"""

lemma plus_rel_refl: assumes P: "P \<in> plus_reps C T H X" shows "plus_rel C T H X P P"
proof -
  have F: "fst P \<in> T X" using P unfolding plus_reps_iff by blast
  have "\<forall>p\<in>fst P. rep_match H p P p P"
  proof
    fix p assume p: "p \<in> fst P"
    have pc: "p \<in> carr C" using cov_arr[OF F p] .
    show "rep_match H p P p P" unfolding rep_match_def
      by (intro bexI[OF _ p] exI[of _ "cid C (cdom C p)"]) (use pc dom_obj[OF pc] in simp)
  qed
  then show ?thesis unfolding plus_rel_iff_match using F by blast
qed

lemma plus_rel_sym: assumes "plus_rel C T H X P Q" shows "plus_rel C T H X Q P"
proof -
  obtain W where W: "W \<in> T X" "\<And>w. w \<in> W \<Longrightarrow> rep_match H w P w Q" using assms unfolding plus_rel_iff_match by blast
  have "\<forall>w\<in>W. rep_match H w Q w P" using W(2) rep_match_sym by blast
  then show ?thesis unfolding plus_rel_iff_match using W(1) by blast
qed

lemma plus_rel_trans:
  assumes H: "is_presheaf C H" and P: "P \<in> plus_reps C T H X" and Q: "Q \<in> plus_reps C T H X"
    and S: "S \<in> plus_reps C T H X"
    and r1: "plus_rel C T H X P Q" and r2: "plus_rel C T H X Q S"
  shows "plus_rel C T H X P S"
proof -
  have X: "X \<in> cobj C" using plus_reps_obj[OF P] .
  show ?thesis using r1 r2 unfolding plus_rel_iff_loc_match
    using rep_loc_match_trans[OF H plus_reps_good[OF P] plus_reps_good[OF Q] plus_reps_good[OF S], of "cid C X" "cid C X" "cid C X" X] X by simp
qed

"""

- **WHAT TO PRODUCE**:
Beginning with the line that contains "rep_match_sym by blast", repeat every line through the end of the records and nothing more.

- **ANSWER SPACE**:
  have "\<forall>w\<in>W. rep_match H w Q w P" using W(2) rep_match_sym by blast
  then show ?thesis unfolding plus_rel_iff_match using W(1) by blast
qed

lemma plus_rel_trans:
  assumes H: "is_presheaf C H" and P: "P \<in> plus_reps C T H X" and Q: "Q \<in> plus_reps C T H X"
    and S: "S \<in> plus_reps C T H X"
    and r1: "plus_rel C T H X P Q" and r2: "plus_rel C T H X Q S"
  shows "plus_rel C T H X P S"
proof -
  have X: "X \<in> cobj C" using plus_reps_obj[OF P] .
  show ?thesis using r1 r2 unfolding plus_rel_iff_loc_match
    using rep_loc_match_trans[OF H plus_reps_good[OF P] plus_reps_good[OF Q] plus_reps_good[OF S], of "cid C X" "cid C X" "cid C X" X] X by simp
qed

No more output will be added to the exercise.